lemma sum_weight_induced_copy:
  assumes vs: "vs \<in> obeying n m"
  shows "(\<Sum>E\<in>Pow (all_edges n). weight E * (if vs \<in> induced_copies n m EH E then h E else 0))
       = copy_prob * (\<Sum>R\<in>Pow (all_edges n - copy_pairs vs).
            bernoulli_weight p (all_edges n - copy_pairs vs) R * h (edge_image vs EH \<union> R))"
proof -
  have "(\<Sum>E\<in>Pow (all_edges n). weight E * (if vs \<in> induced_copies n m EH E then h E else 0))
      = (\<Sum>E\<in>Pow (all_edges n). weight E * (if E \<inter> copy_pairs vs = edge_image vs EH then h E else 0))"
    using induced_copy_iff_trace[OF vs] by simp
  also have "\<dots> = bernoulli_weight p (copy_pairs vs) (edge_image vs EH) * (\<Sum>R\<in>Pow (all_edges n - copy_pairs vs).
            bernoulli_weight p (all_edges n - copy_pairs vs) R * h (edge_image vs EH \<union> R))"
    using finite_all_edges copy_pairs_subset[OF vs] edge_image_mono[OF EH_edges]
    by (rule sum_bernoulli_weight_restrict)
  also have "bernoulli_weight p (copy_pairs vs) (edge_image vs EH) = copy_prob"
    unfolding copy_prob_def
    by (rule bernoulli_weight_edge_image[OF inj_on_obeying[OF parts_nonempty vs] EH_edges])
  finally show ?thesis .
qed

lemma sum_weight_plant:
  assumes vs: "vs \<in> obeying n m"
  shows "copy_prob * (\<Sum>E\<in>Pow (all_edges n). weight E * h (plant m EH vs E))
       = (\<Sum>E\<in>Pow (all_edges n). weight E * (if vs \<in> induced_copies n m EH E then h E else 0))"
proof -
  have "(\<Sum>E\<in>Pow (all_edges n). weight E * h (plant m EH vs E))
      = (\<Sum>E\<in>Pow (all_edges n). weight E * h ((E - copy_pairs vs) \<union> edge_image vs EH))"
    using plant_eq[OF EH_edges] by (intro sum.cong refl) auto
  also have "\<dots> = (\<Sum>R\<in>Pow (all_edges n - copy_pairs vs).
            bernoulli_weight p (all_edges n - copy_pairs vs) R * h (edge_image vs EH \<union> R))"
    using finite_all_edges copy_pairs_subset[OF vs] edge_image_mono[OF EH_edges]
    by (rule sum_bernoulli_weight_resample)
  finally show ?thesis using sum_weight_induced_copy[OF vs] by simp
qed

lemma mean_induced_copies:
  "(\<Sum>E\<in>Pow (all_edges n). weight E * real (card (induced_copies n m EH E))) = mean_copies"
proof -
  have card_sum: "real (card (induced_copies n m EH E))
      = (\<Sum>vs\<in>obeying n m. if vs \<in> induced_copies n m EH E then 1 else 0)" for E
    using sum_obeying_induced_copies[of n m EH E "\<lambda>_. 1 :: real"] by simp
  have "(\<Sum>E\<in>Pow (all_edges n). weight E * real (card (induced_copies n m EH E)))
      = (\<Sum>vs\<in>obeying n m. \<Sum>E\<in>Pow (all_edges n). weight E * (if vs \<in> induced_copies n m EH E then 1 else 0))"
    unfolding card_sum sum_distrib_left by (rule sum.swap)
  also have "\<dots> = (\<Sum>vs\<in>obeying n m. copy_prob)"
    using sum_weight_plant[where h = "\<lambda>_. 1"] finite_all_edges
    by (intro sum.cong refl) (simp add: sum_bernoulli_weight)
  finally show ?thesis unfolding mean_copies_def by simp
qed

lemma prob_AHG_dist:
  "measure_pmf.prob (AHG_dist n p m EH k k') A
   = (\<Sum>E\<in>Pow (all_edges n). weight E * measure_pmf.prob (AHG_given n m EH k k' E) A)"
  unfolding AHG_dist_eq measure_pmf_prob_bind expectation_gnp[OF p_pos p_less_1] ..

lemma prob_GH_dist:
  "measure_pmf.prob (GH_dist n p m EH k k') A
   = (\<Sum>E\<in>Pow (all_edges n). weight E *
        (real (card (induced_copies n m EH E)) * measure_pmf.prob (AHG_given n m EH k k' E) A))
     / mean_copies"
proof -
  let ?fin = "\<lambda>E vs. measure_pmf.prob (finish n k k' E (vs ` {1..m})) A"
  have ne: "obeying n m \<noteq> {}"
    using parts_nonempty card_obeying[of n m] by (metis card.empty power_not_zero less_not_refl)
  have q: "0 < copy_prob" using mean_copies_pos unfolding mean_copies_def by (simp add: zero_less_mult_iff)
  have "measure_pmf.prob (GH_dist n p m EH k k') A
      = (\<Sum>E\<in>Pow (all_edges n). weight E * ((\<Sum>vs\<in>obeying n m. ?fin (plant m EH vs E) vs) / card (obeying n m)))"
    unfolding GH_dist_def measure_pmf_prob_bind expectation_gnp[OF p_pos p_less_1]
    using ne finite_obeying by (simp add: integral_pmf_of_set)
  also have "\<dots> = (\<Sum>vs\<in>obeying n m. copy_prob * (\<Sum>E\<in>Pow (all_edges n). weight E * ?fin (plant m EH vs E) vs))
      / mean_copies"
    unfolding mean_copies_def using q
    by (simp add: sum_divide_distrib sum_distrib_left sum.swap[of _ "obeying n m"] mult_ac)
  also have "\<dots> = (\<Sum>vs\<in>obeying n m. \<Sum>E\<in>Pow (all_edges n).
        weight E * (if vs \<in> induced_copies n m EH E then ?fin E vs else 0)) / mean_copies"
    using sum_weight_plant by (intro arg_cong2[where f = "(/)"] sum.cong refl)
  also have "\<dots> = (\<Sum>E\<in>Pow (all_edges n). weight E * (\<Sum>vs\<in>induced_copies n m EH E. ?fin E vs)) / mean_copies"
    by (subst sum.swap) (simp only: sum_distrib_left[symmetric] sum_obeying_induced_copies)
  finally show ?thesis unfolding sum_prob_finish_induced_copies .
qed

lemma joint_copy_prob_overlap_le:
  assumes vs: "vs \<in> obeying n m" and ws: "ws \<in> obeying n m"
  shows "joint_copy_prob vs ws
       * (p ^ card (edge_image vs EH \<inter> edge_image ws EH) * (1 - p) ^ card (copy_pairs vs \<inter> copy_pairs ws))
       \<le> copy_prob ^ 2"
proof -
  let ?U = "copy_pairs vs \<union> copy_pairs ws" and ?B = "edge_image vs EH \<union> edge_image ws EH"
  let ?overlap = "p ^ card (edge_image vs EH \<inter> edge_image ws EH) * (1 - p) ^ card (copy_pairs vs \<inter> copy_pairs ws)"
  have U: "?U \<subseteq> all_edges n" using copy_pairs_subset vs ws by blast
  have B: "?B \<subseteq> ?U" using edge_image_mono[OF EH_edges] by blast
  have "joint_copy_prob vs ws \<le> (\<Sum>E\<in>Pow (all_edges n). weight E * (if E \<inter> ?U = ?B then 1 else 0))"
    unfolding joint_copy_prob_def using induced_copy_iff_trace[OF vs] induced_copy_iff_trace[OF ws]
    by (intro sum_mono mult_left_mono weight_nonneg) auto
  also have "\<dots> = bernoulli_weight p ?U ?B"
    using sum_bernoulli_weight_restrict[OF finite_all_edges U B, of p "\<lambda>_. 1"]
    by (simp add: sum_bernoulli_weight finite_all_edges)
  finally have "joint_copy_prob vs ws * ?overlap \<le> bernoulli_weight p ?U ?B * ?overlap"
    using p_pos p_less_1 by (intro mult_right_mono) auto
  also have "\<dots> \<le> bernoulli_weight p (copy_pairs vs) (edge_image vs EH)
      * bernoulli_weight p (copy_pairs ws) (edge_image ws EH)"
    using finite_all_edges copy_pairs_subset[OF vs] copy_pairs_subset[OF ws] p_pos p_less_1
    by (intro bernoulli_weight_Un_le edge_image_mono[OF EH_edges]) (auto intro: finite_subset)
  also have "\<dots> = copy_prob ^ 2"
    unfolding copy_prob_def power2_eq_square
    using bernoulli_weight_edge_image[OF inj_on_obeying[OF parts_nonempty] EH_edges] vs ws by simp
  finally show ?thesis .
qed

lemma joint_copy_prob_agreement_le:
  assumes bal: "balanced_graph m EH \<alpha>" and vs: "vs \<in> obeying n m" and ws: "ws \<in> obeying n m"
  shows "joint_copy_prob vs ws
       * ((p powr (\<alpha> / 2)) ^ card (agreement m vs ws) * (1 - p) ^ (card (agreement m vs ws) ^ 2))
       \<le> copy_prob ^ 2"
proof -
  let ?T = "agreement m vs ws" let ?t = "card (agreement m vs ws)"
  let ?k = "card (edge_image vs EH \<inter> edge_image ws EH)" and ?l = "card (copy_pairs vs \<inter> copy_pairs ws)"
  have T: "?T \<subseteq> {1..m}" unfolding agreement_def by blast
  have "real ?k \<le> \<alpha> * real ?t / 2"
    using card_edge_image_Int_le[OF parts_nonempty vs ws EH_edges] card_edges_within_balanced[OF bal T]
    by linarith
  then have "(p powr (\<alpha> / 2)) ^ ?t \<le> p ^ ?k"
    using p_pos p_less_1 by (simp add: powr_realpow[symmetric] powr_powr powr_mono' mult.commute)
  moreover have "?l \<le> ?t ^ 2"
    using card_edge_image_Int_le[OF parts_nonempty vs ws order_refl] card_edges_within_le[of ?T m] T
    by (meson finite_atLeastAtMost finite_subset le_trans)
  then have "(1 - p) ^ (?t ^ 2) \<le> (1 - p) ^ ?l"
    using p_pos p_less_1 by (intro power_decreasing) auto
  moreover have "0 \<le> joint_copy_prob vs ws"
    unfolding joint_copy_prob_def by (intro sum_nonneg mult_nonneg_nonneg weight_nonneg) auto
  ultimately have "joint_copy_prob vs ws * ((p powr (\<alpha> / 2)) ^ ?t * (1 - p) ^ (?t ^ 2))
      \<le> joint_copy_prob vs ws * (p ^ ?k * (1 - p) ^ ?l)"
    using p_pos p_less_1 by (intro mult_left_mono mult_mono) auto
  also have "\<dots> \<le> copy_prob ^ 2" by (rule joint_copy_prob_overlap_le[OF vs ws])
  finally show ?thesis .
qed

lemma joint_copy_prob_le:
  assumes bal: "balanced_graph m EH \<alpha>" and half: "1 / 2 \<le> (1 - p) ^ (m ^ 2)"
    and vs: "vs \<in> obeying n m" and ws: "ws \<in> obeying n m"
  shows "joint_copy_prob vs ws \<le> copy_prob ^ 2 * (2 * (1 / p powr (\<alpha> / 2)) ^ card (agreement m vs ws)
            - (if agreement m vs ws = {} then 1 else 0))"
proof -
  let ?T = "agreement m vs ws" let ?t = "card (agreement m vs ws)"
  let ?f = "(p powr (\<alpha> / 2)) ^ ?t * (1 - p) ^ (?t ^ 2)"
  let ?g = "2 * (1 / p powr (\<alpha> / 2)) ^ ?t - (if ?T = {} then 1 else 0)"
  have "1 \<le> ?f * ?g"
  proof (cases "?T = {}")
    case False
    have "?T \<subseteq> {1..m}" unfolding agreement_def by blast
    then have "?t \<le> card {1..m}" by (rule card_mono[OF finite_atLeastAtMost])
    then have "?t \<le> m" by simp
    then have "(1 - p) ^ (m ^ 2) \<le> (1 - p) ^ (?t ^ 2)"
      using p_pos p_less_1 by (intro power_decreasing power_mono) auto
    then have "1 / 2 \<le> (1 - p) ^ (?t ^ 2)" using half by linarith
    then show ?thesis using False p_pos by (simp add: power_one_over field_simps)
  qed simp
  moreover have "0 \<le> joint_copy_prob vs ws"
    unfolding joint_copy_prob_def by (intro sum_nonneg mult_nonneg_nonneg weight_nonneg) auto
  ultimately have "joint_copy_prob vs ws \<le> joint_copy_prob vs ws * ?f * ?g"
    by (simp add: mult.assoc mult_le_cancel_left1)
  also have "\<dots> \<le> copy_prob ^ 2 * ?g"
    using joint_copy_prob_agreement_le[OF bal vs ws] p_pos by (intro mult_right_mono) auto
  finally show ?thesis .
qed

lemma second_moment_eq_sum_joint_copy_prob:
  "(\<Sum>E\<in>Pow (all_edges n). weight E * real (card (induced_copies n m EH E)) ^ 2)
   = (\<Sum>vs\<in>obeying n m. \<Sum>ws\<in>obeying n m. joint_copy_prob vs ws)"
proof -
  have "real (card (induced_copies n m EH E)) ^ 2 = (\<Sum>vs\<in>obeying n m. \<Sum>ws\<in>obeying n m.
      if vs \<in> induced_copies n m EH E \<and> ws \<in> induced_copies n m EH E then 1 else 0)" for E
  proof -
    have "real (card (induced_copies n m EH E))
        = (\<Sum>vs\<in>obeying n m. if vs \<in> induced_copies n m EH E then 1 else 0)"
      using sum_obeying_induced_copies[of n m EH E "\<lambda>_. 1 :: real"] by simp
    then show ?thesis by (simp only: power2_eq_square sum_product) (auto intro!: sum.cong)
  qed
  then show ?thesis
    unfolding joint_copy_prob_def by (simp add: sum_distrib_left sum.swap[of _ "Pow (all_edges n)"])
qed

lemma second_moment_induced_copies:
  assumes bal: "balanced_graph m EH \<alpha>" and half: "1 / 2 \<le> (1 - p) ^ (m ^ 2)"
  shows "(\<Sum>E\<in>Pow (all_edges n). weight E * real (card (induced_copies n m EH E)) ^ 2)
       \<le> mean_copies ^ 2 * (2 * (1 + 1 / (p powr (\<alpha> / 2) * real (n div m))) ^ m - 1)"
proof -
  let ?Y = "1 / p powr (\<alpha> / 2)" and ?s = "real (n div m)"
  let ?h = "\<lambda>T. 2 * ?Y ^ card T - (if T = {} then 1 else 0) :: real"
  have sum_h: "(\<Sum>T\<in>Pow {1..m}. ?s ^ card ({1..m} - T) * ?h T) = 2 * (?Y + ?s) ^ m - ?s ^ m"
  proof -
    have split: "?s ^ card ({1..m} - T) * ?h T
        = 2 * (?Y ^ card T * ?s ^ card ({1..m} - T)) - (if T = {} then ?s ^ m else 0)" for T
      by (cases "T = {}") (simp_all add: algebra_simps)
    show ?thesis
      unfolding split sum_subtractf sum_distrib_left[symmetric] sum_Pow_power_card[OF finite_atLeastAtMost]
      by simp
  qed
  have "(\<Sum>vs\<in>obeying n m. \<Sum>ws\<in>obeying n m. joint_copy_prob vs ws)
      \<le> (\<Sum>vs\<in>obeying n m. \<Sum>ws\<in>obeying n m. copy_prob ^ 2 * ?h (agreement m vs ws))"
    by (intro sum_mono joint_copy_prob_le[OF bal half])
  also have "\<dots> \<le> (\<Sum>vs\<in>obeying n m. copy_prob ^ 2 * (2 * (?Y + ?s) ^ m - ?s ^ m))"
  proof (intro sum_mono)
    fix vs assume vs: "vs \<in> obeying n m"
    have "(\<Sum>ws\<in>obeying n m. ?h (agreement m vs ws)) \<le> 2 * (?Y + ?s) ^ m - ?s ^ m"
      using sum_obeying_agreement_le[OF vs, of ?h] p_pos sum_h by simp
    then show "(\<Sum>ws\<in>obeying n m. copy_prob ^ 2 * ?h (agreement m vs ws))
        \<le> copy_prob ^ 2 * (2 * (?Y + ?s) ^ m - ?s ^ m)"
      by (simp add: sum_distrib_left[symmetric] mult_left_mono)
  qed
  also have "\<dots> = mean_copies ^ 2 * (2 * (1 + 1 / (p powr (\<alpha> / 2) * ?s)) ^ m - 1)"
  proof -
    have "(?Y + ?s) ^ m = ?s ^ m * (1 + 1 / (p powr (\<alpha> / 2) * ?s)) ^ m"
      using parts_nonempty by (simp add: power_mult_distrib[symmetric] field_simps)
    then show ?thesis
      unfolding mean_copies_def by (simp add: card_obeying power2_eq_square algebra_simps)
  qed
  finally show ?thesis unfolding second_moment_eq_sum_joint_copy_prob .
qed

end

********************

> **THE TASK**
Beginning from the line that contains "unfolding second_moment_eq_sum_joint_copy_prob .", give each line again exactly, through the final line of the records.

> **ANSWER BELOW**
  finally show ?thesis unfolding second_moment_eq_sum_joint_copy_prob .
qed

end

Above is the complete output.